私は、一瞬、ママの不愉快そうな顔をわすれ、その子に名前を当ててもらいたいと思う気持ちでいっぱいになった。

彼の天使に嫉妬して欲しい。という願いは聞こえず。

彼に夢中になっていた。

だって、とてもすてきに見えたんだもの。

「まずアから。
アイ、アケミ、アツコ!アヤコ」

きゃっ、近いっ!

天使のやめなよ!たかちゃん!

なんて言葉は、私の耳から耳へ流れ

「アユミ、ア……。」

そのときだった。

一台の自転車が猛スピードで引かえしてきて、
私とその子の間にジャッと止まったのだった。

それを見た天使は

わっとかわいい声で言ったあと


『やだ!のりちゃんかっこいい!

さすが!でも女の子が危ない!』

なんて言いながらその子を褒めていた。

その子も満更でもなさそうだった。

「おい、黒木」

そう言って地面に片足をついた男の子は、
ふちのない軽い感じのメガネをかけていた。

「おまえなあ、
やたらに女ナンパすんのやめろよ。」

ナンパ!

私は、目がまん丸になってしまった。

これって、ナンパだったのお?!

そうわかったとたんに、
すてきな魔法がふうっと消えた。


「練習前に女なんか引っかけてると、

またコーチに怒られるぜ。

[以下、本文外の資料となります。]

(* Let $F$ be a minimally unsatisfiable clause-set and $C\in F$. Let $C' := \{x\in C : \mathrm{ldeg}_F(x)=1\}$, and for $x\in C'$ let $F_x := \{D\in F : \overline{x}\in D\}$. Assume $|C'|\ge2$ and that for every $x\in C'$ the clause-set $\mathrm{DP}_{\mathrm{var}(x)}(F)$ is saturated minimally unsatisfiable. Then: 1. $|C'|=2$. 2. For all $x\in C'$ and all $D\in F_x$: $C\setminus C'\subseteq D$. 3. For $x,y\in C'$, the clause-sets $\mathrm{DP}_{\mathrm{var}(x)}(F)$ and $\mathrm{DP}_{\mathrm{var}(y)}(F)$ are isomorphic.
   Context: Literals are variables $v$ and complements $\overline{v}$; a clause is a finite set of literals with no complementary pair; a clause-set is a finite set of clauses; $\mathrm{var}(F)$ is the set of variables of $F$, $\mathrm{var}(x)$ the variable of literal $x$; $\mathrm{ldeg}_F(x)$ is the number of clauses of $F$ containing literal $x$. $\mathrm{DP}_v(F) := \{C \in F : v \notin \mathrm{var}(C)\} \cup \{(C \cup D)\setminus\{v,\overline{v}\} : C, D \in F,\ C \cap \overline{D} = \{v\}\}$. A minimally unsatisfiable $F$ is saturated if for every $C \in F$ and every literal $y$ with $\mathrm{var}(y) \in \mathrm{var}(F)\setminus \mathrm{var}(C)$, the clause-set $(F\setminus\{C\})\cup\{C\cup\{y\}\}$ is satisfiable. Clause-sets are isomorphic if a complement-preserving bijection on literals maps the clauses of one exactly onto the clauses of the other. *)

theory Defs
  imports Main
begin

datatype 'v lit = Pos 'v | Neg 'v

fun comp :: "'v lit \<Rightarrow> 'v lit" where
  "comp (Pos v) = Neg v"
| "comp (Neg v) = Pos v"

fun var :: "'v lit \<Rightarrow> 'v" where
  "var (Pos v) = v"
| "var (Neg v) = v"

type_synonym 'v clause = "'v lit set"
type_synonym 'v cls = "'v lit set set"

definition is_clause :: "'v clause \<Rightarrow> bool" where
  "is_clause C \<longleftrightarrow> finite C \<and> (\<forall>x\<in>C. comp x \<notin> C)"

definition is_clause_set :: "'v cls \<Rightarrow> bool" where
  "is_clause_set F \<longleftrightarrow> finite F \<and> (\<forall>C\<in>F. is_clause C)"

definition vars_cl :: "'v clause \<Rightarrow> 'v set" where
  "vars_cl C = var ` C"

definition vars :: "'v cls \<Rightarrow> 'v set" where
  "vars F = (\<Union>C\<in>F. vars_cl C)"

fun lit_val :: "('v \<Rightarrow> bool) \<Rightarrow> 'v lit \<Rightarrow> bool" where
  "lit_val \<phi> (Pos v) = \<phi> v"
| "lit_val \<phi> (Neg v) = (\<not> \<phi> v)"

definition satisfiable :: "'v cls \<Rightarrow> bool" where
  "satisfiable F \<longleftrightarrow> (\<exists>\<phi>. \<forall>C\<in>F. \<exists>x\<in>C. lit_val \<phi> x)"

definition min_unsat :: "'v cls \<Rightarrow> bool" where
  "min_unsat F \<longleftrightarrow> is_clause_set F \<and> \<not> satisfiable F \<and> (\<forall>C\<in>F. satisfiable (F - {C}))"

definition saturated_min_unsat :: "'v cls \<Rightarrow> bool" where
  "saturated_min_unsat F \<longleftrightarrow> min_unsat F \<and>
     (\<forall>C\<in>F. \<forall>y. var y \<in> vars F - vars_cl C \<longrightarrow> satisfiable ((F - {C}) \<union> {C \<union> {y}}))"

definition ldeg :: "'v cls \<Rightarrow> 'v lit \<Rightarrow> nat" where
  "ldeg F x = card {C\<in>F. x \<in> C}"

definition DP :: "'v \<Rightarrow> 'v cls \<Rightarrow> 'v cls" where
  "DP v F = {C\<in>F. v \<notin> vars_cl C} \<union>
     {(C \<union> D) - {Pos v, Neg v} | C D. C \<in> F \<and> D \<in> F \<and> C \<inter> comp ` D = {Pos v}}"

definition isomorphic :: "'v cls \<Rightarrow> 'v cls \<Rightarrow> bool" where
  "isomorphic F G \<longleftrightarrow> (\<exists>f :: 'v lit \<Rightarrow> 'v lit. bij f \<and> (\<forall>x. f (comp x) = comp (f x))
      \<and> (\<lambda>C. f ` C) ` F = G)"

end

theory Submission
  imports Defs
begin

text \<open>
  Let \<open>x\<close> be a literal of \<open>C\<close> that occurs in no other clause. Then \<open>DP (var x) F\<close> consists
  of the clauses of \<open>F\<close> without \<open>var x\<close> together with the resolvents \<open>(C \<union> D) - {x, comp x}\<close>, so
  in \<open>DP (var x) F\<close> every clause containing another uniquely occurring literal \<open>y\<close> of \<open>C\<close>
  contains all of \<open>C - {x}\<close>.

  The key fact about a saturated minimally unsatisfiable \<open>G\<close>: if every clause containing \<open>w\<close>
  contains \<open>z\<close>, then so does every clause \<open>Q\<close> containing \<open>comp w\<close>. Otherwise saturation gives
  an assignment satisfying \<open>G - {Q}\<close>, falsifying \<open>Q\<close> and making \<open>z\<close> true, and setting \<open>comp w\<close>
  true in it satisfies all of \<open>G\<close>.

  In \<open>DP (var x) F\<close> this turns three uniquely occurring literals \<open>x, y, w\<close> of \<open>C\<close> into a
  clause containing both \<open>y\<close> and \<open>comp y\<close>; in \<open>DP (var y) F\<close> it shows that every clause of \<open>F\<close>
  containing \<open>comp x\<close> contains \<open>C - {x, y}\<close>. With this, the renaming
  \<open>x \<mapsto> comp y\<close>, \<open>y \<mapsto> comp x\<close> maps \<open>DP (var x) F\<close> onto \<open>DP (var y) F\<close>.
\<close>

lemma comp_comp [simp]: "comp (comp x) = x"
  by (cases x) auto

lemma var_comp [simp]: "var (comp x) = var x"
  by (cases x) auto

lemma comp_neq_self [simp]: "comp x \<noteq> x" "x \<noteq> comp x"
  by (cases x; simp)+

lemma comp_eq_iff: "comp u = v \<longleftrightarrow> u = comp v"
  by auto

lemma lit_val_comp [simp]: "lit_val \<phi> (comp x) \<longleftrightarrow> \<not> lit_val \<phi> x"
  by (cases x) auto

lemma var_eq_iff: "var u = var x \<longleftrightarrow> u = x \<or> u = comp x"
  by (cases u; cases x) auto

lemma var_in_vars_cl_iff: "var x \<in> vars_cl P \<longleftrightarrow> x \<in> P \<or> comp x \<in> P"
  unfolding vars_cl_def by (metis image_iff var_comp var_eq_iff)

lemma inj_comp: "inj comp"
  by (rule injI) (metis comp_comp)

lemma comp_image_comp_image [simp]: "comp ` comp ` S = S"
  by (simp add: image_image)

lemma clash_sym: "D \<inter> comp ` C = {comp x} \<longleftrightarrow> C \<inter> comp ` D = {x}"
proof -
  have "D \<inter> comp ` C = comp ` (C \<inter> comp ` D)"
    by (simp add: image_Int[OF inj_comp] Int_commute)
  then show ?thesis
    using inj_image_eq_iff[OF inj_comp, of "C \<inter> comp ` D" "{x}"] by simp
qed

definition assign_lit :: "('v \<Rightarrow> bool) \<Rightarrow> 'v lit \<Rightarrow> 'v \<Rightarrow> bool" where
  "assign_lit \<psi> w = \<psi>(var w := (w = Pos (var w)))"

lemma lit_val_assign_lit:
  "lit_val (assign_lit \<psi> w) u \<longleftrightarrow> (if var u = var w then u = w else lit_val \<psi> u)"
  unfolding assign_lit_def by (cases u; cases w) auto

lemma satisfiable_by_flip:
  assumes sat: "\<forall>P\<in>G - {Q}. \<exists>u\<in>P. lit_val \<psi> u" and w: "w \<in> Q"
    and compw: "\<forall>P\<in>G - {Q}. comp w \<in> P \<longrightarrow> (\<exists>u\<in>P. var u \<noteq> var w \<and> lit_val \<psi> u)"
  shows "satisfiable G"
  unfolding satisfiable_def
proof (intro exI ballI)
  fix P assume P: "P \<in> G"
  show "\<exists>u\<in>P. lit_val (assign_lit \<psi> w) u"
  proof (cases "P = Q \<or> comp w \<in> P")
    case True
    then show ?thesis
      using w P compw by (auto simp: lit_val_assign_lit)
  next
    case False
    then obtain u where "u \<in> P" "lit_val \<psi> u" "u \<noteq> comp w"
      using sat P by blast
    then show ?thesis
      by (auto simp: lit_val_assign_lit var_eq_iff)
  qed
qed

lemma min_unsat_clause:
  assumes "min_unsat G" "P \<in> G" "u \<in> P"
  shows "comp u \<notin> P"
  using assms unfolding min_unsat_def is_clause_set_def is_clause_def by blast

lemma min_unsat_clause_var_eq:
  assumes "min_unsat G" "P \<in> G" "a \<in> P" "b \<in> P" "var a = var b"
  shows "a = b"
  using assms min_unsat_clause[OF assms(1,2)] by (auto simp: var_eq_iff)

lemma min_unsat_falsifying_assignment:
  assumes "min_unsat G" "Q \<in> G"
  obtains \<psi> where "\<forall>P\<in>G - {Q}. \<exists>u\<in>P. lit_val \<psi> u" "\<forall>u\<in>Q. \<not> lit_val \<psi> u"
proof -
  obtain \<psi> where \<psi>: "\<forall>P\<in>G - {Q}. \<exists>u\<in>P. lit_val \<psi> u"
    using assms unfolding min_unsat_def satisfiable_def by blast
  moreover have "\<forall>u\<in>Q. \<not> lit_val \<psi> u"
    using assms \<psi> unfolding min_unsat_def satisfiable_def by (metis Diff_iff singletonD)
  ultimately show thesis by (rule that)
qed
lemma hahn_int0_hsigma_step:
  assumes "summable (hahn_series q \<omega> f t)"
  shows "hahn_int0 q \<omega> f (hsigma q \<omega> (hsigma q \<omega> t)) - hahn_int0 q \<omega> f t
           = (hsigma q \<omega> (hsigma q \<omega> t) - t) * f (hsigma q \<omega> t)"
proof -
  let ?c = "homega0 q \<omega>" and ?S = "suminf (hahn_series q \<omega> f t)"
  have q1: "q \<noteq> 1" using q by simp
  have hsigma2_minus: "hsigma q \<omega> (hsigma q \<omega> t) - ?c = q\<^sup>2 * (t - ?c)"
    by (simp add: hsigma_eq[OF q1] power2_eq_square)
  have shift: "hahn_series q \<omega> f (hsigma q \<omega> (hsigma q \<omega> t)) = (\<lambda>n. hahn_series q \<omega> f t (Suc n) / q\<^sup>2)"
  proof
    fix n
    have pow: "q ^ (2 * Suc n + 1) = q ^ (2 * n + 1) * q\<^sup>2" by (simp add: power2_eq_square)
    have "(hsigma q \<omega> ^^ (2 * n + 1)) (hsigma q \<omega> (hsigma q \<omega> t)) = (hsigma q \<omega> ^^ (2 * Suc n + 1)) t"
      unfolding hsigma_funpow[OF q1] hsigma2_minus pow by (simp only: mult.assoc)
    then show "hahn_series q \<omega> f (hsigma q \<omega> (hsigma q \<omega> t)) n = hahn_series q \<omega> f t (Suc n) / q\<^sup>2"
      unfolding hahn_series_def pow using q by simp
  qed
  have "(\<lambda>n. hahn_series q \<omega> f t (Suc n)) sums (?S - hahn_series q \<omega> f t 0)"
    using assms sums_Suc_iff[of "hahn_series q \<omega> f t"] by (simp add: summable_sums)
  moreover have "hahn_series q \<omega> f t 0 = q * f (hsigma q \<omega> t)" by (simp add: hahn_series_def)
  ultimately have "(\<lambda>n. hahn_series q \<omega> f t (Suc n)) sums (?S - q * f (hsigma q \<omega> t))"
    by simp
  then have suminf_hsigma2: "suminf (hahn_series q \<omega> f (hsigma q \<omega> (hsigma q \<omega> t))) = (?S - q * f (hsigma q \<omega> t)) / q\<^sup>2"
    unfolding shift by (rule sums_unique[symmetric, OF sums_divide])
  have "hahn_int0 q \<omega> f (hsigma q \<omega> (hsigma q \<omega> t)) - hahn_int0 q \<omega> f t
        = q\<^sup>2 * (t - ?c) * ((1 / q - q) * ((?S - q * f (hsigma q \<omega> t)) / q\<^sup>2)) - (t - ?c) * ((1 / q - q) * ?S)"
    by (simp only: hahn_int0_eq_mean hahn_mean_def suminf_hsigma2 hsigma2_minus)
  also have "\<dots> = (q\<^sup>2 * (t - ?c) - (t - ?c)) * f (hsigma q \<omega> t)"
  proof -
    have "q\<^sup>2 * D * ((1 / q - q) * ((S - q * y) / q\<^sup>2)) - D * ((1 / q - q) * S) = (q\<^sup>2 * D - D) * y"
      for S y D :: real
      using q by (simp add: field_simps power2_eq_square)
    then show ?thesis .
  qed
  also have "\<dots> = (hsigma q \<omega> (hsigma q \<omega> t) - t) * f (hsigma q \<omega> t)"
    by (simp add: hsigma_hsigma_minus algebra_simps)
  finally show ?thesis .
qed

来いよ。

Aは後ろ乗れ」


『それおみくんにも言われたよー

もうついてるからね?』

天使はそう言って歩き出した。


ほんとにほんとにごめんなさい!

でも、また会えたらいいね。

なんて言って手を振ってくれた。

男の子は、しかたなさそうな吐息をつき、
顔を上げてこっちを見た。

そして私にむかって、バチンと音のしそうな大きなウインクをすると、ハンドルを返し、迎えに来たメガネの男の子といっしょに、天使を呼び止めグラウンドのほうへとこぎ出していたのだった。

私は、あぜんとしてその場に立ちつくしていた。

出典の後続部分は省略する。